И тогда Яся разворачивается и изо всех сил бежит обратно к той арочке, через которую протиснулась на проспект, и видит, что тут, у арочки, двойное оцепление из людей в кожаных куртках с озабоченными лицами – настолько озабоченными, что к ним страшно даже близко подходить, и улица напротив перекрыта грузовиком, по сторонам от которого выстроился спецназ в черной униформе. И дальше она слышит рев, идущий снизу, от земли, от начавшего вдруг дрожать асфальта, и видит, что с другой стороны приближается людское море, толпа, в которой каждый явно кричит свое, издали производит гул, который сливается в одно сплошное «аааа!», и это «ааа!» становится громче и страшней при виде рядов ОМОНа. И когда она явственно понимает, что ей совершенно некуда бежать, что она надежно зажата и законопачена между двумя ненавидящими друг друга силами, ОМОН получает команду наступать.

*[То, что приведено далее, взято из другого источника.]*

(* $H$ is continuous on $\Gamma$.
   Context: Let $G=(\mathbb{V},E)$ be a finite graph with adjacency $\sim$. Let $a_{ij}=a_{ji}\ge0$ ($>0$ only if $i\sim j$) and $p_{ij}=p_{ji}\in[0,1]$ ($=0$ if $i\not\sim j$), with some $a_{ij}p_{ij}>0$. Fix $h_1\in(0,1]$; $\Delta$ is the set of arrays $x=(x_{ij})$ with $x_{ij}=x_{ji}\ge0$, $x_{ij}=0$ if $i\not\sim j$, $\sum_{i,j}x_{ij}=1$, $\sum_{(i,j):a_{ij}p_{ij}>0}x_{ij}\ge h_1$; $x_i=\sum_jx_{ij}$. $H(x)=\sum_{(i,j):x_{ij}>0}a_{ij}p_{ij}x_{ij}^2/(x_ix_j)$; $F(x)_{ij}=x_{ij}\big(a_{ij}p_{ij}\frac{x_{ij}}{x_ix_j}-H(x)\big)$, with $F_{ij}=0$ if $x_{ij}=0$ and $a_{ij}p_{ij}x_{ij}/(x_ix_j):=0$ if $a_{ij}p_{ij}=0$. $\Gamma=\{x\in\Delta:F(x)=0\}$, with the topology induced from $\mathbb{R}^{\mathbb{V}\times\mathbb{V}}$. *)

theory Defs
  imports "HOL-Analysis.Analysis"
begin

text \<open>Arrays x = (x_ij) indexed by V x V, V a finite type; represented as
  real^'v^'v (x $ i $ j), which carries the Euclidean topology of R^(V x V).\<close>

definition vsum :: "real^'v::finite^'v \<Rightarrow> 'v \<Rightarrow> real" where
  "vsum x i = (\<Sum>j\<in>UNIV. x $ i $ j)"

definition Delta :: "('v::finite \<Rightarrow> 'v \<Rightarrow> bool) \<Rightarrow> ('v \<Rightarrow> 'v \<Rightarrow> real) \<Rightarrow> ('v \<Rightarrow> 'v \<Rightarrow> real)
    \<Rightarrow> real \<Rightarrow> (real^'v^'v) set" where
  "Delta adj a p h1 = {x. (\<forall>i j. x $ i $ j = x $ j $ i \<and> x $ i $ j \<ge> 0)
     \<and> (\<forall>i j. \<not> adj i j \<longrightarrow> x $ i $ j = 0)
     \<and> (\<Sum>i\<in>UNIV. \<Sum>j\<in>UNIV. x $ i $ j) = 1
     \<and> (\<Sum>(i,j)\<in>{(i,j). a i j * p i j > 0}. x $ i $ j) \<ge> h1}"

definition Hfun :: "('v::finite \<Rightarrow> 'v \<Rightarrow> real) \<Rightarrow> ('v \<Rightarrow> 'v \<Rightarrow> real) \<Rightarrow> real^'v^'v \<Rightarrow> real" where
  "Hfun a p x = (\<Sum>i\<in>UNIV. \<Sum>j\<in>UNIV.
     if x $ i $ j > 0 \<and> a i j * p i j > 0
     then a i j * p i j * (x $ i $ j)\<^sup>2 / (vsum x i * vsum x j) else 0)"

definition Ffun :: "('v::finite \<Rightarrow> 'v \<Rightarrow> real) \<Rightarrow> ('v \<Rightarrow> 'v \<Rightarrow> real) \<Rightarrow> real^'v^'v \<Rightarrow> 'v \<Rightarrow> 'v \<Rightarrow> real" where
  "Ffun a p x i j =
     (if x $ i $ j = 0 then 0
      else x $ i $ j * ((if a i j * p i j > 0 then a i j * p i j * x $ i $ j / (vsum x i * vsum x j) else 0)
                        - Hfun a p x))"

definition Gamma :: "('v::finite \<Rightarrow> 'v \<Rightarrow> bool) \<Rightarrow> ('v \<Rightarrow> 'v \<Rightarrow> real) \<Rightarrow> ('v \<Rightarrow> 'v \<Rightarrow> real)
    \<Rightarrow> real \<Rightarrow> (real^'v^'v) set" where
  "Gamma adj a p h1 = {x \<in> Delta adj a p h1. \<forall>i j. Ffun a p x i j = 0}"

end

theory Submission
  imports Defs
begin

text \<open>At a rest point every positive entry x_ij with a_ij p_ij > 0 satisfies
  H(x) = a_ij p_ij x_ij / (x_i x_j). Since h1 > 0, every x in Gamma has such an entry, and it
  stays positive on a neighbourhood of x; there H agrees with this ratio, which is continuous
  because x_i, x_j \<ge> x_ij > 0.\<close>

lemma continuous_on_if_locally_agrees:
  assumes "\<And>x. x \<in> S \<Longrightarrow> \<exists>U g. open U \<and> x \<in> U \<and> isCont g x \<and> (\<forall>y\<in>S \<inter> U. g y = f y)"
  shows "continuous_on S f"
  unfolding continuous_on_eq_continuous_within
proof
  fix x assume "x \<in> S"
  then obtain U g where U: "open U" "x \<in> U" and g: "isCont g x" and agree: "\<forall>y\<in>S \<inter> U. g y = f y"
    using assms by blast
  have "(g \<longlongrightarrow> f x) (at x within S)"
    using g agree \<open>x \<in> S\<close> U by (metis IntI continuous_at_imp_continuous_within continuous_within)
  moreover have "openin (top_of_set S) (S \<inter> U)"
    using U(1) by (rule openin_open_Int)
  ultimately have "(f \<longlongrightarrow> f x) (at x within S)"
    by (rule Lim_transform_within_openin) (use U agree \<open>x \<in> S\<close> in auto)
  then show "continuous (at x within S) f"
    by (simp add: continuous_within)
qed

lemma entry_le_vsum:
  assumes "\<And>k. 0 \<le> x $ i $ k"
  shows "x $ i $ j \<le> vsum x i"
  unfolding vsum_def using assms by (intro member_le_sum[of j UNIV "\<lambda>k. x $ i $ k", simplified])

lemma Delta_ex_positive_weighted_entry:
  assumes "x \<in> Delta adj a p h1" "0 < h1"
  obtains i j where "x $ i $ j > 0" "a i j * p i j > 0"
proof -
  let ?S = "{(i,j). a i j * p i j > 0}"
  have "(\<Sum>(i,j)\<in>?S. x $ i $ j) > 0"
    using assms unfolding Delta_def by auto
  then obtain ij where "ij \<in> ?S" "(case ij of (i,j) \<Rightarrow> x $ i $ j) > 0"
    using sum_nonpos[of ?S "\<lambda>(i,j). x $ i $ j"] by (meson not_le)
  then show thesis using that by auto
qed

lemma Hfun_eq_ratio_on_Gamma:
  assumes "y \<in> Gamma adj a p h1" "y $ i $ j > 0" "a i j * p i j > 0"
  shows "Hfun a p y = a i j * p i j * y $ i $ j / (vsum y i * vsum y j)"
proof -
  have "Ffun a p y i j = 0" using assms(1) unfolding Gamma_def by auto
  then show ?thesis using assms(2,3) unfolding Ffun_def by auto
qed

lemma isCont_entry_ratio:
  assumes "vsum x i > 0" "vsum x j > 0"
  shows "isCont (\<lambda>y. c * y $ i $ j / (vsum y i * vsum y j)) x"
  using assms unfolding vsum_def by (intro continuous_intros) auto

theorem lemma9:
  fixes adj :: "'v::finite \<Rightarrow> 'v \<Rightarrow> bool" and a p :: "'v \<Rightarrow> 'v \<Rightarrow> real" and h1 :: real
  assumes adj_sym: "\<And>i j. adj i j \<longleftrightarrow> adj j i"
    and a_sym: "\<And>i j. a i j = a j i" and a_nonneg: "\<And>i j. a i j \<ge> 0"
    and a_adj: "\<And>i j. a i j > 0 \<Longrightarrow> adj i j"
    and p_sym: "\<And>i j. p i j = p j i" and p_range: "\<And>i j. 0 \<le> p i j \<and> p i j \<le> 1"
    and p_adj: "\<And>i j. \<not> adj i j \<Longrightarrow> p i j = 0"
    and ap_pos: "\<exists>i j. a i j * p i j > 0"
    and h1: "0 < h1" "h1 \<le> 1"
  shows "continuous_on (Gamma adj a p h1) (Hfun a p)"
proof (rule continuous_on_if_locally_agrees)
  fix x assume xG: "x \<in> Gamma adj a p h1"
  then have xD: "x \<in> Delta adj a p h1" unfolding Gamma_def by auto
  then obtain i j where ij: "x $ i $ j > 0" "a i j * p i j > 0"
    using h1(1) by (rule Delta_ex_positive_weighted_entry)
  have "0 \<le> x $ i $ k" "0 \<le> x $ j $ k" "x $ j $ i = x $ i $ j" for k
    using xD unfolding Delta_def by auto
  then have "vsum x i > 0" "vsum x j > 0"
    using ij(1) entry_le_vsum[of x i j] entry_le_vsum[of x j i] by auto
  then have "isCont (\<lambda>y. a i j * p i j * y $ i $ j / (vsum y i * vsum y j)) x"
    by (rule isCont_entry_ratio)
  moreover have "open {y :: real^'v^'v. y $ i $ j > 0}"
    by (intro open_Collect_less continuous_intros)
  ultimately show "\<exists>U g. open U \<and> x \<in> U \<and> isCont g x \<and> (\<forall>y\<in>Gamma adj a p h1 \<inter> U. g y = Hfun a p y)"
    using ij Hfun_eq_ratio_on_Gamma[of _ adj a p h1 i j] by (intro exI[of _ "{y. y $ i $ j > 0}"]) auto
qed

end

По жестяным щитам грохочут резиновые дубинки, и эта канонада заглушает рев приближающихся людей: с каждым ударом ОМОН делает шаг вперед, и ясно, что эту поступь ничто не остановит – ни хемингуэевский «мотылек и танк», ни Яся. И вот, уже чисто инстинктивно, она вжимается в углубление между двумя пилястрами в сталинском доме, и твердыни сшибаются прямо перед ней с влажным хрустом. Она видит, как прямой удар срывает очки с мужчины, который держит плакат, где написана фамилия ее отца, ее фамилия; там написано что-то злое, очень злое, но плакат уже растирают по асфальту тяжелые берцы, вместе с его беспомощной злостью. Видит, как кому-то выбивают зубы. Видит, как эффективны усиленные металлическими пластинами перчатки, как легко отбивают человеческую плоть металлические дырчатые щиты. Потом подъезжают автобусы с черной клеенкой на окнах и всех оставшихся лежать или сидеть или просто – оставшихся, не побежавших, принимаются паковать, деловито, как при уборке картошки, с такими же сугубо сельскохозяйственными звуками.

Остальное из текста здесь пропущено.